Reputation: 2119
One of the most clearest examples I read about services/factories/providers was that they corresponded to: A car, a factory that gives you cars(e.g. red car, blue car), and a configurable factory that outputs cars(e.g. high-quality cars, low-quality cars)
The part that is confusing me though is the "everything is a singleton" explanation. From the above example I had assumed that a "service" was a singleton that returned itself, and that the factory and provider were singletons that returned objects(each one unique). That is, if one controller got a blue car, and the other a red car, they would be two separate cars.
I think though the confusion comes from factories being written in two different ways. In one way, you return an object. This makes it functionally equivalent to a "service". In the other way, you return a function which is an instantiable object so that anything using this factory can get new separate instances.
Is this correct? Of the two methods of writing a factory is any one of them an anti-pattern?
Upvotes: 0
Views: 167
Reputation: 7531
From a blog I wrote specifically to answer this question:
So here it is. I’m going to summarize then follow up with some examples:
Why have multiple ways?
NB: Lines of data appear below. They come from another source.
lemma poly_image_span:
  assumes F: "F \<in> dual (pscale sc)" and m: "module sc"
  shows "(\<lambda>g. poly g t) ` {F q + a * S |q a. True} = {spec_dual t F q + a * poly S t |q a. True}"
proof
  show "(\<lambda>g. poly g t) ` {F q + a * S |q a. True} \<subseteq> {spec_dual t F q + a * poly S t |q a. True}"
  proof
    fix y assume "y \<in> (\<lambda>g. poly g t) ` {F q + a * S |q a. True}"
    then obtain Q B where "y = poly (F Q + B * S) t" by blast
    then have "y = spec_dual t F (peval sc t Q) + poly B t * poly S t"
      by (simp add: poly_dual_eval[OF F m])
    then show "y \<in> {spec_dual t F q + a * poly S t |q a. True}" by blast
  qed
  show "{spec_dual t F q + a * poly S t |q a. True} \<subseteq> (\<lambda>g. poly g t) ` {F q + a * S |q a. True}"
  proof
    fix y assume "y \<in> {spec_dual t F q + a * poly S t |q a. True}"
    then obtain q a where "y = spec_dual t F q + a * poly S t" by blast
    then have "y = poly (F [:q:] + [:a:] * S) t" by (simp add: spec_dual_def)
    then show "y \<in> (\<lambda>g. poly g t) ` {F q + a * S |q a. True}" by blast
  qed
qed

lemma poly_ideal_sq:
  assumes "e \<in> ideal_sq J"
  shows "poly e t \<in> ideal_sq ((\<lambda>f. poly f t) ` J)"
proof -
  obtain n :: nat and x y where xy: "e = (\<Sum>i<n. x i * y i)" "\<forall>i<n. x i \<in> J \<and> y i \<in> J"
    using assms unfolding ideal_sq_iff by blast
  have "poly e t = (\<Sum>i<n. poly (x i) t * poly (y i) t)" by (simp add: xy poly_sum)
  moreover have "\<forall>i<n. poly (x i) t \<in> (\<lambda>f. poly f t) ` J \<and> poly (y i) t \<in> (\<lambda>f. poly f t) ` J"
    using xy by auto
  ultimately show ?thesis unfolding ideal_sq_iff
    by (intro exI[of _ n] exI[of _ "\<lambda>i. poly (x i) t"] exI[of _ "\<lambda>i. poly (y i) t"]) auto
qed

lemma chi_wit_spec:
  assumes m: "module sc" and w: "chi_wit (pscale sc) X W"
  shows "chi_wit sc (spec_LO t X) (spec_Qs t W)"
proof -
  obtain J \<Omega> F S where X: "X = (J, \<Omega>)" and W: "W = (F, S)" by (metis prod.exhaust)
  note w = chi_witD[OF w[unfolded X W]]
  define Jt where "Jt = (\<lambda>g. poly g t) ` J"
  have "spec_LO t X = (Jt, \<lambda>q. {poly g t + y |g y. g \<in> \<Omega> [:q:] \<and> y \<in> ideal_sq Jt})"
    by (simp add: X spec_LO_def Jt_def Let_def)
  moreover have "spec_Qs t W = (spec_dual t F, poly S t)" by (simp add: W spec_Qs_def)
  moreover have "spec_dual t F p \<in> {poly g t + y |g y. g \<in> \<Omega> [:p:] \<and> y \<in> ideal_sq Jt}" for p
    unfolding spec_dual_def
    by (intro CollectI exI[of _ "F [:p:]"] exI[of _ 0] conjI) (simp_all add: ideal_sq_0 w(4))
  moreover have "Jt = {spec_dual t F q + a * poly S t |q a. True}"
    unfolding Jt_def w(6) by (rule poly_image_span[OF w(1) m])
  ultimately show ?thesis
    unfolding chi_wit_def
      using spec_Qs_Qs[OF w(2) m, of t] span_range_mem[of "spec_dual t F" _ "poly S t"]
      span_gen_mem[OF spec_dual_dual[OF w(1) m], of "poly S t"]
    by (simp add: spec_Qs_def)
qed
Primarily because some systems that sit on JavaScript like TypeScript and CoffeeScript generate code that dictates one approach over the other, so it's there for flexibility.
To see full post with examples: http://csharperimage.jeremylikness.com/2014/01/understanding-providers-services-and.html
Upvotes: 1
Reputation: 6711
What I have seen relations to is a factory is the equivalent of the revealing module design pattern in Javascript.
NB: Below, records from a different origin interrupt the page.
(*
  Let p_e (e in R) be the given selective ultrafilters, fix a well-order of R of
  type c and a surjection b |-> H_b from R onto the functions omega -> omega, and let
  X consist of omega together with the images H_b(p_e) for b below e.

  Fewer than c coordinates code a sequence in omega^I by fewer than c functions.
  By regularity of c they are all listed below some e, and the coordinatewise
  p_e-limit of the sequence is a point of X^I at which it accumulates.

  For the hyperspace, code the nodes of the binary tree by natural numbers. The
  finite sets D_n of principal ultrafilters at the nodes of level n are isolated
  points of CL(X), and sending D_n to 2^n and all other closed sets to 0 is an
  unbounded function; it is continuous because the D_n form a closed set. The
  delicate case is a closed set G of free ultrafilters with a common image r under
  the level map. Two selective ultrafilters with a common free image are
  isomorphic, so incomparability forces all of G to come from a single p_e, hence
  |G| < c. A free ultrafilter contains at most one branch of the tree, so some
  branch lies in no member of G, and the closed sets missing that branch form a
  neighbourhood of G that contains no D_n.
*)

theory Submission
  imports Defs
begin

abbreviation uf where "uf \<equiv> ultrafilter_on_nat"

lemma uf_upclosed: "uf U \<Longrightarrow> A \<in> U \<Longrightarrow> A \<subseteq> B \<Longrightarrow> B \<in> U"
  unfolding ultrafilter_on_nat_def by blast

lemma uf_Int: "uf U \<Longrightarrow> A \<in> U \<Longrightarrow> B \<in> U \<Longrightarrow> A \<inter> B \<in> U"
  unfolding ultrafilter_on_nat_def by blast

lemma uf_empty: "uf U \<Longrightarrow> {} \<notin> U"
  unfolding ultrafilter_on_nat_def by blast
Module Design Pattern - Singelton:
var x = (function() {
var y = 1,
zMethod = function() {
return y + y;
}
return {
y: y,
z: zMethod
}
}());
Angular Factory:
angular.module('app', [])
.factory('x', function() {
var y = 1,
zMethod = function() { return y + y; }
return {
y: y,
z: zMethod
}
});
Helps to clarify what is going on behind the scenes... But this is just one of the three parts!